__Working data__:
lemma fps_infprod_eq_upto:
  fixes f :: "nat \<Rightarrow> zq_series"
  assumes f: "\<And>i. fps_eq_upto i (f i) 1" and "n \<le> N"
  shows "fps_eq_upto n (fps_infprod f) (\<Prod>i<N. f i)"
proof -
  have stable: "fps_eq_upto m (\<Prod>i<N. f i) (\<Prod>i<m. f i)" if "m \<le> N" for m N
    using that
  proof (induction N rule: dec_induct)
    case (step N)
    have "fps_eq_upto m (f N) 1"
      using f[of N] step.hyps by (simp add: fps_eq_upto_def)
    from fps_eq_upto_mult[OF step.IH this] show ?case
      by simp
  qed simp
  define P where "P = Abs_fps (\<lambda>m. (\<Prod>i<m. f i) $ m)"
  have "(\<lambda>N. \<Prod>i<N. f i) \<longlonglongrightarrow> P"
  proof (rule tendsto_fpsI)
    fix m
    show "eventually (\<lambda>N. (\<Prod>i<N. f i) $ m = P $ m) sequentially"
      unfolding eventually_sequentially using stable by (auto simp: P_def fps_eq_upto_def)
  qed
  hence "fps_infprod f = P"
    unfolding fps_infprod_def by (rule limI)
  thus ?thesis
    using stable \<open>n \<le> N\<close> by (auto simp: P_def fps_eq_upto_def)
qed

lemma qpoch_eq_upto:
  assumes "1 \<le> c" "1 \<le> d" "n \<le> N"
  shows "fps_eq_upto n (qpoch a d c) (\<Prod>i<N. 1 - fps_const a * fps_X ^ (d + c * i))"
  unfolding qpoch_def
proof (rule fps_infprod_eq_upto[OF _ assms(3)])
  fix i
  have "i \<le> c * i" using assms by simp
  hence "i < d + c * i" using assms by linarith
  thus "fps_eq_upto i (1 - fps_const a * fps_X ^ (d + c * i)) 1"
    by (auto simp: fps_eq_upto_def)
qed

section \<open>Moments of Laurent series\<close>

definition fls_supp :: "'a::zero fls \<Rightarrow> int set" where
  "fls_supp f = {m. f $$ m \<noteq> 0}"

definition fls_moment :: "nat \<Rightarrow> 'a::comm_ring_1 fls \<Rightarrow> 'a" where
  "fls_moment k f = (\<Sum>m\<in>fls_supp f. of_int m ^ k * f $$ m)"

lemma sum_fls_supp_superset:
  fixes f :: "'a::comm_ring_1 fls"
  assumes "finite A" "fls_supp f \<subseteq> A"
  shows "(\<Sum>m\<in>A. \<phi> m * f $$ m) = (\<Sum>m\<in>fls_supp f. \<phi> m * f $$ m)"
  using assms by (intro sum.mono_neutral_right) (auto simp: fls_supp_def)

lemma fls_supp_add: "fls_supp (f + g) \<subseteq> fls_supp f \<union> fls_supp g"
  by (auto simp: fls_supp_def)

lemma fls_supp_diff: "fls_supp (f - g) \<subseteq> fls_supp f \<union> fls_supp g"
  by (auto simp: fls_supp_def)

lemma fls_supp_uminus [simp]: "fls_supp (- f) = fls_supp f"
  by (simp add: fls_supp_def)

lemma fls_supp_const: "fls_supp (fls_const c) \<subseteq> {0}"
  by (auto simp: fls_supp_def)
(* Let $\{(\phi^n,\mu^n,R^n)\}$ be generated by Scheme 1A and set $M:=R^0=\sqrt{E[\phi_{in}]}$. Then for all $n\ge 0$: $0<R^{n+1}\le R^n\le M$, and $0<\xi^{n+1}\le \frac{M}{\sqrt{c_0}}$.
   Context: Standing setup: $\Omega\subset\mathbb{R}^d$ ($d=2,3$) is a bounded domain with smooth boundary and outward unit normal $\mathbf{n}$; $\|\cdot\|_0$ is the $L^2(\Omega)$ norm. Let $\lambda\ge 0$, $H(s)=\frac14(s^2-1)^2$, $h(s)=s^3-s$. Fix $c_0>0$ and define $E[\phi]=\int_\Omega\big(\tfrac12|\nabla\phi|^2+\tfrac{\lambda}{2}\phi^2+H(\phi)\big)dx+c_0$ (so $E[\phi]\ge c_0$). Time step $\Delta t>0$. Set $\phi^0=\phi_{in}$, $\mu^0=-\Delta\phi^0+\lambda\phi^0+h(\phi^0)$, $R^0=\sqrt{E[\phi^0]}$. Scheme 1A: for $n\ge0$, $\frac{\phi^{n+1}-\phi^n}{\Delta t}=\Delta\mu^{n+1}$, $\mu^{n+1}=-\Delta\phi^{n+1}+\lambda\phi^{n+1}+|\xi^{n+1}|^2h(\phi^n)$, $\frac{R^{n+1}-R^n}{\Delta t}=-\frac{\xi^{n+1}}{2\sqrt{E[\phi^n]}}\int_\Omega|\nabla\mu^n|^2dx$, with $\xi^{n+1}=R^{n+1}/\sqrt{E[\phi^n]}$, and $\nabla\phi^{n+1}\cdot\mathbf{n}=\nabla\mu^{n+1}\cdot\mathbf{n}=0$ on $\partial\Omega$. *)

theory Defs
  imports "HOL-Analysis.Analysis"
begin

definition partial_deriv :: "'a::euclidean_space \<Rightarrow> ('a \<Rightarrow> real) \<Rightarrow> 'a \<Rightarrow> real" where
  "partial_deriv i f = (\<lambda>x. frechet_derivative f (at x) i)"

definition grad :: "('a::euclidean_space \<Rightarrow> real) \<Rightarrow> 'a \<Rightarrow> 'a" where
  "grad f x = (\<Sum>i\<in>Basis. partial_deriv i f x *\<^sub>R i)"

definition lap :: "('a::euclidean_space \<Rightarrow> real) \<Rightarrow> 'a \<Rightarrow> real" where
  "lap f x = (\<Sum>i\<in>Basis. partial_deriv i (partial_deriv i f) x)"

primrec Ck_on :: "nat \<Rightarrow> 'a::euclidean_space set \<Rightarrow> ('a \<Rightarrow> real) \<Rightarrow> bool" where
  "Ck_on 0 U f = continuous_on U f"
| "Ck_on (Suc k) U f = ((\<forall>x\<in>U. f differentiable (at x)) \<and> continuous_on U f \<and>
                        (\<forall>i\<in>Basis. Ck_on k U (partial_deriv i f)))"

definition smooth_on :: "'a::euclidean_space set \<Rightarrow> ('a \<Rightarrow> real) \<Rightarrow> bool" where
  "smooth_on U f = (\<forall>k. Ck_on k U f)"

definition local_defining_fun :: "'a::euclidean_space set \<Rightarrow> 'a \<Rightarrow> 'a set \<Rightarrow> ('a \<Rightarrow> real) \<Rightarrow> bool" where
  "local_defining_fun \<Omega> x U g = (open U \<and> x \<in> U \<and> smooth_on U g \<and>
      (\<forall>y\<in>U. grad g y \<noteq> 0) \<and> \<Omega> \<inter> U = {y\<in>U. g y < 0})"

definition smooth_boundary :: "'a::euclidean_space set \<Rightarrow> bool" where
  "smooth_boundary \<Omega> = (\<forall>x\<in>frontier \<Omega>. \<exists>U g. local_defining_fun \<Omega> x U g)"

definition bounded_smooth_domain :: "'a::euclidean_space set \<Rightarrow> bool" where
  "bounded_smooth_domain \<Omega> = (open \<Omega> \<and> connected \<Omega> \<and> \<Omega> \<noteq> {} \<and> bounded \<Omega> \<and> smooth_boundary \<Omega>)"

definition outward_normal :: "'a::euclidean_space set \<Rightarrow> 'a \<Rightarrow> 'a" where
  "outward_normal \<Omega> x = (let (U, g) = (SOME (U, g). local_defining_fun \<Omega> x U g)
                          in (1 / norm (grad g x)) *\<^sub>R grad g x)"

definition neumann_bc :: "'a::euclidean_space set \<Rightarrow> ('a \<Rightarrow> real) \<Rightarrow> bool" where
  "neumann_bc \<Omega> f = (\<forall>x\<in>frontier \<Omega>. grad f x \<bullet> outward_normal \<Omega> x = 0)"

definition Hpot :: "real \<Rightarrow> real" where "Hpot s = (s\<^sup>2 - 1)\<^sup>2 / 4"
definition hpot :: "real \<Rightarrow> real" where "hpot s = s ^ 3 - s"

definition energy :: "'a::euclidean_space set \<Rightarrow> real \<Rightarrow> real \<Rightarrow> ('a \<Rightarrow> real) \<Rightarrow> real" where
  "energy \<Omega> lam c0 \<phi> =
     (LINT x:\<Omega>|lebesgue. (norm (grad \<phi> x))\<^sup>2 / 2 + lam / 2 * (\<phi> x)\<^sup>2 + Hpot (\<phi> x)) + c0"

text \<open>Sequence (phi n, mu n, R n) generated by Scheme 1A; xi (n+1) is the auxiliary ratio.
  U is an open neighbourhood of the closure of \<Omega> on which iterates are classical (C^2).\<close>
definition scheme_1A ::
  "'a::euclidean_space set \<Rightarrow> 'a set \<Rightarrow> real \<Rightarrow> real \<Rightarrow> real \<Rightarrow> ('a \<Rightarrow> real) \<Rightarrow>
   (nat \<Rightarrow> 'a \<Rightarrow> real) \<Rightarrow> (nat \<Rightarrow> 'a \<Rightarrow> real) \<Rightarrow> (nat \<Rightarrow> real) \<Rightarrow> (nat \<Rightarrow> real) \<Rightarrow> bool" where
  "scheme_1A \<Omega> U lam c0 dt \<phi>in \<phi> \<mu> R \<xi> =
    ((\<forall>n. Ck_on 2 U (\<phi> n) \<and> Ck_on 2 U (\<mu> n)) \<and>
     \<phi> 0 = \<phi>in \<and>
     (\<forall>x\<in>\<Omega>. \<mu> 0 x = - lap (\<phi> 0) x + lam * \<phi> 0 x + hpot (\<phi> 0 x)) \<and>
     R 0 = sqrt (energy \<Omega> lam c0 (\<phi> 0)) \<and>
     (\<forall>n. \<xi> (Suc n) = R (Suc n) / sqrt (energy \<Omega> lam c0 (\<phi> n))) \<and>
     (\<forall>n. \<forall>x\<in>\<Omega>. (\<phi> (Suc n) x - \<phi> n x) / dt = lap (\<mu> (Suc n)) x) \<and>
     (\<forall>n. \<forall>x\<in>\<Omega>. \<mu> (Suc n) x = - lap (\<phi> (Suc n)) x + lam * \<phi> (Suc n) x
                              + \<bar>\<xi> (Suc n)\<bar>\<^sup>2 * hpot (\<phi> n x)) \<and>
     (\<forall>n. (R (Suc n) - R n) / dt =
           - (\<xi> (Suc n) / (2 * sqrt (energy \<Omega> lam c0 (\<phi> n))))
             * (LINT x:\<Omega>|lebesgue. (norm (grad (\<mu> n) x))\<^sup>2)) \<and>
     (\<forall>n. neumann_bc \<Omega> (\<phi> (Suc n)) \<and> neumann_bc \<Omega> (\<mu> (Suc n))))"

end

theory Submission
  imports Defs
begin

text \<open>The scalar auxiliary variable update is linearly implicit in \<open>R\<^sup>n\<^sup>+\<^sup>1\<close>: substituting
  \<open>\<xi>\<^sup>n\<^sup>+\<^sup>1 = R\<^sup>n\<^sup>+\<^sup>1 / \<surd>E[\<phi>\<^sup>n]\<close> gives \<open>R\<^sup>n\<^sup>+\<^sup>1 (1 + \<Delta>t \<parallel>\<nabla>\<mu>\<^sup>n\<parallel>\<^sup>2 / (2 E[\<phi>\<^sup>n])) = R\<^sup>n\<close>.
  The factor is at least 1 because the energy and the dissipation are nonnegative, so
  \<open>R\<^sup>n\<close> stays positive and decreases, and \<open>\<xi>\<^sup>n\<^sup>+\<^sup>1 \<le> R\<^sup>0 / \<surd>c\<^sub>0\<close> since \<open>E[\<phi>\<^sup>n] \<ge> c\<^sub>0\<close>.\<close>

lemma set_integral_nonneg:
  fixes f :: "'a \<Rightarrow> real"
  assumes "\<And>x. 0 \<le> f x"
  shows "0 \<le> (LINT x:S|M. f x)"
  unfolding set_lebesgue_integral_def
  by (intro integral_nonneg_AE AE_I2) (simp add: assms indicator_def)

lemma energy_ge_offset:
  assumes "lam \<ge> 0"
  shows "c0 \<le> energy \<Omega> lam c0 \<phi>"
proof -
  have "0 \<le> (LINT x:\<Omega>|lebesgue. (norm (grad \<phi> x))\<^sup>2 / 2 + lam / 2 * (\<phi> x)\<^sup>2 + Hpot (\<phi> x))"
    by (rule set_integral_nonneg) (simp add: Hpot_def assms)
  then show ?thesis unfolding energy_def by simp
qed

lemma sav_update_solution:
  fixes E I dt R R' :: real
  assumes "E > 0" and "dt > 0"
    and "(R' - R) / dt = - (R' / sqrt E / (2 * sqrt E)) * I"
  shows "R' * (1 + dt * I / (2 * E)) = R"
proof -
  have "sqrt E * sqrt E = E" using \<open>E > 0\<close> by simp
  moreover have "R' - R = - dt * (R' / (2 * (sqrt E * sqrt E))) * I"
    using assms by (simp add: field_simps del: real_sqrt_mult_self)
  ultimately show ?thesis using \<open>E > 0\<close> by (simp add: field_simps)
qed

lemma sav_update_pos_decreasing:
  fixes E I dt R R' :: real
  assumes "E > 0" and "dt > 0" and "I \<ge> 0" and "R > 0"
    and "(R' - R) / dt = - (R' / sqrt E / (2 * sqrt E)) * I"
  shows "0 < R'" and "R' \<le> R"
proof -
  define q where "q = 1 + dt * I / (2 * E)"
  have "q \<ge> 1" unfolding q_def using assms(1-3) by simp
  moreover have "R' = R / q"
    using sav_update_solution[OF assms(1,2,5)] \<open>q \<ge> 1\<close> unfolding q_def[symmetric]
    by (simp add: field_simps)
  ultimately show "0 < R'" "R' \<le> R" using \<open>R > 0\<close> by (simp_all add: divide_le_eq)
qed

lemma pos_decreasing_seq:
  fixes R :: "nat \<Rightarrow> real"
  assumes "0 < R 0" and "\<And>n. 0 < R n \<Longrightarrow> 0 < R (Suc n) \<and> R (Suc n) \<le> R n"
  shows "0 < R n \<and> R n \<le> R 0"
  by (induction n) (use assms in fastforce)+

theorem mainTheorem2:
  fixes \<Omega> U :: "'a::euclidean_space set"
    and lam c0 dt :: real
    and \<phi>in :: "'a \<Rightarrow> real"
    and \<phi> \<mu> :: "nat \<Rightarrow> 'a \<Rightarrow> real"
    and R \<xi> :: "nat \<Rightarrow> real"
  assumes "DIM('a) = 2 \<or> DIM('a) = 3"
    and "bounded_smooth_domain \<Omega>"
    and "open U" and "closure \<Omega> \<subseteq> U"
    and "lam \<ge> 0" and "c0 > 0" and "dt > 0"
    and "scheme_1A \<Omega> U lam c0 dt \<phi>in \<phi> \<mu> R \<xi>"
  shows "\<forall>n. 0 < R (Suc n) \<and> R (Suc n) \<le> R n \<and> R n \<le> R 0 \<and>
             0 < \<xi> (Suc n) \<and> \<xi> (Suc n) \<le> R 0 / sqrt c0"
proof -
  define E where "E n = energy \<Omega> lam c0 (\<phi> n)" for n
  define I where "I n = (LINT x:\<Omega>|lebesgue. (norm (grad (\<mu> n) x))\<^sup>2)" for n
  have E_ge: "c0 \<le> E n" for n unfolding E_def using energy_ge_offset \<open>lam \<ge> 0\<close> by blast
  have I_nonneg: "0 \<le> I n" for n unfolding I_def by (rule set_integral_nonneg) simp
  have R0: "R 0 = sqrt (E 0)" and xi: "\<And>n. \<xi> (Suc n) = R (Suc n) / sqrt (E n)"
    and update: "\<And>n. (R (Suc n) - R n) / dt = - (R (Suc n) / sqrt (E n) / (2 * sqrt (E n))) * I n"
    using assms(8) unfolding scheme_1A_def E_def I_def by auto
  have E_pos: "0 < E n" for n using E_ge[of n] \<open>c0 > 0\<close> by linarith
  have step: "0 < R n \<Longrightarrow> 0 < R (Suc n) \<and> R (Suc n) \<le> R n" for n
    using sav_update_pos_decreasing[OF E_pos \<open>dt > 0\<close> I_nonneg _ update] by blast
  have R_bounds: "0 < R n \<and> R n \<le> R 0" for n
    by (rule pos_decreasing_seq) (use R0 E_pos step in auto)
  show ?thesis
  proof (intro allI conjI)
    fix n
    show "0 < R (Suc n)" "R (Suc n) \<le> R n" "R n \<le> R 0" "0 < \<xi> (Suc n)"
      using step[of n] R_bounds[of n] R_bounds[of "Suc n"] E_pos[of n] xi[of n] by auto
    have "\<xi> (Suc n) \<le> R 0 / sqrt (E n)"
      using R_bounds[of "Suc n"] E_pos[of n] xi[of n] by (simp add: divide_right_mono)
    also have "\<dots> \<le> R 0 / sqrt c0"
      using R_bounds[of 0] E_ge[of n] \<open>c0 > 0\<close> by (intro divide_left_mono) auto
    finally show "\<xi> (Suc n) \<le> R 0 / sqrt c0" .
  qed
qed

end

__Assignment__: Your task for the entries above: copy exactly the span starting with the line with "set \<Rightarrow> real \<Rightarrow> real \<Rightarrow> ('a" and going on through the line with "0 = \<phi>in \<and>", both lines included, and nothing else.

__Problem solution__:
definition energy :: "'a::euclidean_space set \<Rightarrow> real \<Rightarrow> real \<Rightarrow> ('a \<Rightarrow> real) \<Rightarrow> real" where
  "energy \<Omega> lam c0 \<phi> =
     (LINT x:\<Omega>|lebesgue. (norm (grad \<phi> x))\<^sup>2 / 2 + lam / 2 * (\<phi> x)\<^sup>2 + Hpot (\<phi> x)) + c0"

text \<open>Sequence (phi n, mu n, R n) generated by Scheme 1A; xi (n+1) is the auxiliary ratio.
  U is an open neighbourhood of the closure of \<Omega> on which iterates are classical (C^2).\<close>
definition scheme_1A ::
  "'a::euclidean_space set \<Rightarrow> 'a set \<Rightarrow> real \<Rightarrow> real \<Rightarrow> real \<Rightarrow> ('a \<Rightarrow> real) \<Rightarrow>
   (nat \<Rightarrow> 'a \<Rightarrow> real) \<Rightarrow> (nat \<Rightarrow> 'a \<Rightarrow> real) \<Rightarrow> (nat \<Rightarrow> real) \<Rightarrow> (nat \<Rightarrow> real) \<Rightarrow> bool" where
  "scheme_1A \<Omega> U lam c0 dt \<phi>in \<phi> \<mu> R \<xi> =
    ((\<forall>n. Ck_on 2 U (\<phi> n) \<and> Ck_on 2 U (\<mu> n)) \<and>
     \<phi> 0 = \<phi>in \<and>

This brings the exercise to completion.